事件後に、彦根藩士と実行犯が同じ場所に居た一瞬の出来事だったのです。

ただし、この証言では早駕籠に乗っていた武士は、抱き茗荷の家紋を付けた人物しか伝わっていません。彦根藩士の家紋は調べていないのでなんとも言えませんが、この人物が大久保小膳か高野瀬喜介だったのか、それとも別の人物なのか?
興味深いです。


○首の行方
今の定説では、直弼の首は有村次左衛門によって斬られ、有村が遠藤但馬守(若年寄)邸の辻番所前で首を預けて自害した為に、事件後に井伊家が「家臣の加田九郎太の首」として遠藤家に行って首を受け取り、彦根藩医・岡島玄達が首と胴を繋いだ。となっています。
しかし、水戸では「この時に井伊家に行ったのは加田の首で、本物は水戸に持ち帰られえた」との説が残っています。
事件に参加した広木松之介が、密かに水戸に持ち帰りさらし首にしようとしたのですが、水戸藩ではその行為に恐れをなし(水戸藩では桜田門外の関係者捕縛に全力を尽くしています)首を突き返します。
結局、首は広木がそのまま首を持っていたようですが文久2年(1862)3月3日に同志が刑死してゆく現状に耐えられず自害します。昭和37年になって、広木の関係者から井伊家に対して首の骨を返還する話があったのですが、井伊家では「井伊直弼は五体が揃った状態で豪徳寺に葬られている」との返事があり、この首は水戸市の妙雲寺に“大老井伊掃部頭直弼台霊塔”が建碑されて供養されたのです。

星亮一さんの『井伊直弼』という小説のあとがきに面白い話があります。
桜田門外の変から、直弼が豪徳寺に埋葬されるまでの2カ月間(3/3から閏3月を含んで4/9まで)、直弼の遺体はどうなっていたのか?との疑問です。
これを母利美和さん(当時の彦根城博物館の学芸員)が「塩漬けにしたという話がある」と回答されたと書かれていました。
2ヶ月間、塩漬け状態で直弼の遺体が残っていたのなら、幕府の検視(直弼の死は公にできないので建前上は見舞)や跡を継いだ息子の直憲、そして正室の昌子など直弼の顔を見れる人物は少なからず存在したと思います。また宇津木六之丞あたりなら首が偽物だったなら藩士に密かに探させたのではないでしょうか?
それに、もし偽首なら事情が分かった重臣クラスが密かに火葬してしまうと思います。

塩漬けの話が本当なら、首は本物。火葬した形跡があるなら偽物と考えられるかもしれませんね。


○井伊家の警備は甘かったのか?
桜田門外の変の直前に直弼宛に危険を報せる文が投げ込まれたのを無視したり、2月28日には直弼の友人の松平信斉が「命を狙われているので供の数を増やすように」と進言すると直弼が断ったりと、直弼は命を落としても大老としての職務を全うしたイメージがあります。

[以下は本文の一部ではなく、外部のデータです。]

(* Any Turing recognizable language can be weakly verified by a rational-valued 2ADfA with arbitrary bounded error $\epsilon$. Moreover, the protocol achieves perfect completeness.
   Context: An affine state of an $m$-state affine register is a vector $v\in\mathbb{R}^m$ whose entries sum to $1$; affine operators are real matrices whose columns each sum to $1$; weighting observes basis state $e_j$ with probability $|v_j|/\|v\|_1$ and collapses the register to $e_j$. A 2ADfA is a two-way deterministic finite automaton on the read-only input $¢ w\$$ (left end-marker ¢, right end-marker \$), whose head may move left, right or stay, equipped with finitely many affine registers; at each step, depending on the deterministic state and scanned symbol, each register is either updated by an affine operator or weighted, and then the deterministic state and head move are determined by the state, symbol and weighting outcomes; it halts upon entering an accepting or rejecting state. Rational-valued means all affine operators have rational entries. The 2ADfA is the verifier in an Arthur–Merlin proof system: it communicates with an all-powerful prover through a communication cell and reveals its deterministic states, head moves and weighting outcomes (public coins). Weak verification with error $\epsilon<1/2$ (rational): there is a prover such that every $w\in L$ is accepted with probability at least $1-\epsilon$, and for every $w\notin L$ and every prover, $w$ is accepted with probability at most $\epsilon$ (non-halting allowed). Perfect completeness means every $w\in L$ is accepted with probability $1$. *)

theory Defs
  imports "HOL-Analysis.Analysis"
begin

text \<open>Deterministic single-tape Turing machine with a two-way infinite tape.
 States are the naturals below tm_nst, tape symbols the naturals below tm_nsym,
 the blank is 0, input letters are encoded injectively by tm_enc into nonblank
 tape symbols.\<close>

record 'a tm =
  tm_nst :: nat
  tm_nsym :: nat
  tm_delta :: "nat \<Rightarrow> nat \<Rightarrow> nat \<times> nat \<times> int"
  tm_start :: nat
  tm_acc :: nat
  tm_rej :: nat
  tm_enc :: "'a \<Rightarrow> nat"

definition wf_tm :: "'a tm \<Rightarrow> bool" where
  "wf_tm M \<longleftrightarrow>
     tm_start M < tm_nst M \<and> tm_acc M < tm_nst M \<and> tm_rej M < tm_nst M \<and>
     tm_acc M \<noteq> tm_rej M \<and> 0 < tm_nsym M \<and>
     inj (tm_enc M) \<and> (\<forall>a. tm_enc M a < tm_nsym M \<and> tm_enc M a \<noteq> 0) \<and>
     (\<forall>q < tm_nst M. \<forall>s < tm_nsym M.
        fst (tm_delta M q s) < tm_nst M \<and>
        fst (snd (tm_delta M q s)) < tm_nsym M \<and>
        snd (snd (tm_delta M q s)) \<in> {-1, 0, 1})"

しかし、明治になって島田三郎が書いた『開国始末』の取材で出た話では「夜の供廻りは増やしていたが、安政7年になって止めた」との証言を旧彦根藩士から得ているのです。
実は直弼暗殺計画は安政5年10月1日からありました。この頃から警戒をしていた彦根藩でしたが1年半近く何事も起きず、長い緊張感で必要以上に疲労していた可能性は否めません。無為な1年半を過ごした後の疲労感と油断こそが、水戸浪士の襲撃成功になったのかもしれません。

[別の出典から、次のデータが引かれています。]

lemma increasing_seq_ge_first: "(\<forall>i<n. (t::nat\<Rightarrow>real) i < t (Suc i)) \<Longrightarrow> m \<le> n \<Longrightarrow> t 0 \<le> t m"
proof (induction m)
  case (Suc m)
  then show ?case by (metis Suc_le_lessD less_imp_le_nat order.strict_implies_order order_trans)
qed simp

lemma nn_integral_indicator_Icc_eq_Ico:
  fixes c d :: real
  shows "(\<integral>\<^sup>+s. g s * indicator {c..d} s \<partial>lborel) = (\<integral>\<^sup>+s. g s * indicator {c..<d} s \<partial>lborel)"
proof (rule nn_integral_cong_AE)
  show "AE s in lborel. g s * indicator {c..d} s = g s * indicator {c..<d} s"
    using AE_lborel_singleton[of d] by eventually_elim (auto simp: indicator_def)
qed

lemma variation_sum_le_nn_integral_abs_deriv:
  assumes deriv: "\<And>s. s \<ge> c \<Longrightarrow> (\<phi> has_real_derivative \<psi> s) (at s)"
    and cont: "continuous_on {c..} \<psi>"
    and "\<forall>i\<le>n. t i \<ge> c" and "\<forall>i<n. t i < t (Suc i)"
  shows "ennreal (\<Sum>i=1..n. \<bar>\<phi> (t i) - \<phi> (t (i-1))\<bar>)
           \<le> (\<integral>\<^sup>+s. ennreal \<bar>\<psi> s\<bar> * indicator {t 0..<t n} s \<partial>lborel)"
  using assms(3,4)
proof (induction n)
  case (Suc n)
  let ?g = "\<lambda>s. ennreal \<bar>\<psi> s\<bar>"
  have IH: "ennreal (\<Sum>i=1..n. \<bar>\<phi> (t i) - \<phi> (t (i-1))\<bar>) \<le> (\<integral>\<^sup>+s. ?g s * indicator {t 0..<t n} s \<partial>lborel)"
    using Suc by auto
  have "t 0 \<le> t n" using increasing_seq_ge_first[of "Suc n" t n] Suc.prems by auto
  have "t n < t (Suc n)" "c \<le> t 0" "c \<le> t n" using Suc.prems by auto
  have last_step: "ennreal \<bar>\<phi> (t (Suc n)) - \<phi> (t n)\<bar> \<le> (\<integral>\<^sup>+s. ?g s * indicator {t n..<t (Suc n)} s \<partial>lborel)"
    unfolding nn_integral_indicator_Icc_eq_Ico[symmetric]
    by (rule abs_diff_le_nn_integral_abs_deriv)
      (use \<open>t n < t (Suc n)\<close> \<open>c \<le> t n\<close> deriv in \<open>auto intro: continuous_on_subset[OF cont]\<close>)
  have measurable: "(\<lambda>s. ?g s * indicator {a..<b} s) \<in> borel_measurable lborel" if "c \<le> a" for a b
  proof -
    have "(\<lambda>s. ?g s * indicator {a..<b} s) = (\<lambda>s. (?g s * indicator {c..} s) * indicator {a..<b} s)"
      using that by (intro ext) (auto simp: indicator_def)
    then show ?thesis using borel_measurable_abs_indicator_Ici[OF cont] by simp
  qed
  have "ennreal (\<Sum>i=1..Suc n. \<bar>\<phi> (t i) - \<phi> (t (i-1))\<bar>)
      = ennreal (\<Sum>i=1..n. \<bar>\<phi> (t i) - \<phi> (t (i-1))\<bar>) + ennreal \<bar>\<phi> (t (Suc n)) - \<phi> (t n)\<bar>"
    by (simp add: ennreal_plus sum_nonneg)
  also have "\<dots> \<le> (\<integral>\<^sup>+s. ?g s * indicator {t 0..<t n} s \<partial>lborel) + (\<integral>\<^sup>+s. ?g s * indicator {t n..<t (Suc n)} s \<partial>lborel)"
    by (rule add_mono[OF IH last_step])
  also have "\<dots> = (\<integral>\<^sup>+s. ?g s * indicator {t 0..<t n} s + ?g s * indicator {t n..<t (Suc n)} s \<partial>lborel)"
    by (rule nn_integral_add[symmetric]) (use measurable \<open>c \<le> t 0\<close> \<open>c \<le> t n\<close> in auto)
  also have "\<dots> = (\<integral>\<^sup>+s. ?g s * indicator {t 0..<t (Suc n)} s \<partial>lborel)"
    by (rule nn_integral_cong) (use \<open>t 0 \<le> t n\<close> \<open>t n < t (Suc n)\<close> in \<open>auto split: split_indicator\<close>)
  finally show ?case .
qed simp

section \<open>Total variation controls every \<open>\<rho>\<close>-variation\<close>

lemma powr_sum_powr_le_sum:
  fixes a :: "nat \<Rightarrow> real"
  assumes fin: "finite I" and nonneg: "\<And>i. i \<in> I \<Longrightarrow> a i \<ge> 0" and "\<rho> \<ge> 1"
  shows "(\<Sum>i\<in>I. a i powr \<rho>) powr (1/\<rho>) \<le> (\<Sum>i\<in>I. a i)"
proof -
  define S where "S = (\<Sum>i\<in>I. a i)"
  have "S \<ge> 0" unfolding S_def using nonneg by (simp add: sum_nonneg)
  show ?thesis
  proof (cases "S = 0")
    case True
    then have "\<forall>i\<in>I. a i = 0" using sum_nonneg_eq_0_iff[OF fin] nonneg unfolding S_def by blast
    then show ?thesis using True by (simp add: S_def)
  next
    case False
    with \<open>S \<ge> 0\<close> have "S > 0" by simp
    have term_le: "a i powr \<rho> \<le> a i * S powr (\<rho> - 1)" if "i \<in> I" for i
    proof (cases "a i = 0")
      case False
      then have "a i > 0" using nonneg[OF that] by simp
      have "a i \<le> S" unfolding S_def using fin nonneg that by (intro member_le_sum) auto
      have "a i powr \<rho> = a i * a i powr (\<rho> - 1)"
        using powr_add[of "a i" 1 "\<rho> - 1"] \<open>a i > 0\<close> by simp
      also have "\<dots> \<le> a i * S powr (\<rho> - 1)"
        using \<open>a i > 0\<close> \<open>a i \<le> S\<close> \<open>\<rho> \<ge> 1\<close> by (auto intro!: mult_left_mono powr_mono2)
      finally show ?thesis .
    qed simp
    have "(\<Sum>i\<in>I. a i powr \<rho>) \<le> (\<Sum>i\<in>I. a i * S powr (\<rho> - 1))" by (rule sum_mono) (rule term_le)
    also have "\<dots> = S * S powr (\<rho> - 1)" unfolding S_def by (simp add: sum_distrib_right)
    also have "\<dots> = S powr \<rho>" using powr_add[of S 1 "\<rho> - 1"] \<open>S > 0\<close> by simp
    finally have "(\<Sum>i\<in>I. a i powr \<rho>) powr (1/\<rho>) \<le> (S powr \<rho>) powr (1/\<rho>)"
      using \<open>\<rho> \<ge> 1\<close> by (intro powr_mono2) (auto intro: sum_nonneg)
    also have "\<dots> = S" using \<open>\<rho> \<ge> 1\<close> \<open>S > 0\<close> by (simp add: powr_powr)
    finally show ?thesis by (simp add: S_def)
  qed
qed

lemma var_norm_le_if_variation_sums_le:
  assumes "\<rho> \<ge> 1"
    and "\<And>n t. \<forall>i\<le>n. t i \<in> I \<Longrightarrow> \<forall>i<n. t i < t (Suc i) \<Longrightarrow> (\<Sum>i=1..n. \<bar>\<phi> (t i) - \<phi> (t (i-1))\<bar>) \<le> B"
  shows "var_norm \<rho> I \<phi> \<le> ereal B"
  unfolding var_norm_def
proof (rule SUP_least, safe)
  fix n and t :: "nat \<Rightarrow> real"
  assume "\<forall>i\<le>n. t i \<in> I" "\<forall>i<n. t i < t (Suc i)"
  have "(\<Sum>i=1..n. \<bar>\<phi> (t i) - \<phi> (t (i-1))\<bar> powr \<rho>) powr (1/\<rho>) \<le> (\<Sum>i=1..n. \<bar>\<phi> (t i) - \<phi> (t (i-1))\<bar>)"
    by (rule powr_sum_powr_le_sum) (use assms(1) in auto)
  also have "\<dots> \<le> B" using assms(2) \<open>\<forall>i\<le>n. t i \<in> I\<close> \<open>\<forall>i<n. t i < t (Suc i)\<close> .
  finally show "ereal ((\<Sum>i=1..fst (n, t). \<bar>\<phi> (snd (n, t) i) - \<phi> (snd (n, t) (i - 1))\<bar> powr \<rho>) powr (1 / \<rho>)) \<le> ereal B"
    by simp
qed

section \<open>The factors of the Mehler kernel\<close>

definition ou_var :: "real \<Rightarrow> real" where "ou_var t = 1 - exp (-2*t)"
definition ou_amp :: "real \<Rightarrow> real" where "ou_amp t = 1 / sqrt (ou_var t)"
definition ou_amp' :: "real \<Rightarrow> real" where "ou_amp' t = - exp (-2*t) / (ou_var t * sqrt (ou_var t))"
definition ou_gauss :: "real \<Rightarrow> real \<Rightarrow> real \<Rightarrow> real" where
  "ou_gauss x u t = exp (- (1/2) * (exp (-t) * u - x)\<^sup>2 / ou_var t)"
definition ou_gauss' :: "real \<Rightarrow> real \<Rightarrow> real \<Rightarrow> real" where
  "ou_gauss' x u t = ou_gauss x u t * (exp (-t) / (ou_var t)\<^sup>2) * ((exp (-t) * u - x) * (u - exp (-t) * x))"

lemma K_eq_ou_factors: "K t x u = exp (R x) * ou_amp t * ou_gauss x u t"
  unfolding K_def ou_amp_def ou_gauss_def ou_var_def by simp

lemma ou_var_pos: "t > 0 \<Longrightarrow> ou_var t > 0"
  by (simp add: ou_var_def)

桜田門外の変は、調べれば調べるほど色んなエピソードが登場します。
まだまだ隠れた話があるのかもしれません。
150年目のその日に、彦根では公式に何かのイベントがあるとの話は聞いていませんが、せめて個人レベルでもこの日を彦根の一つの分岐点として、直弼についての何かを想い巡らせて欲しいと思います。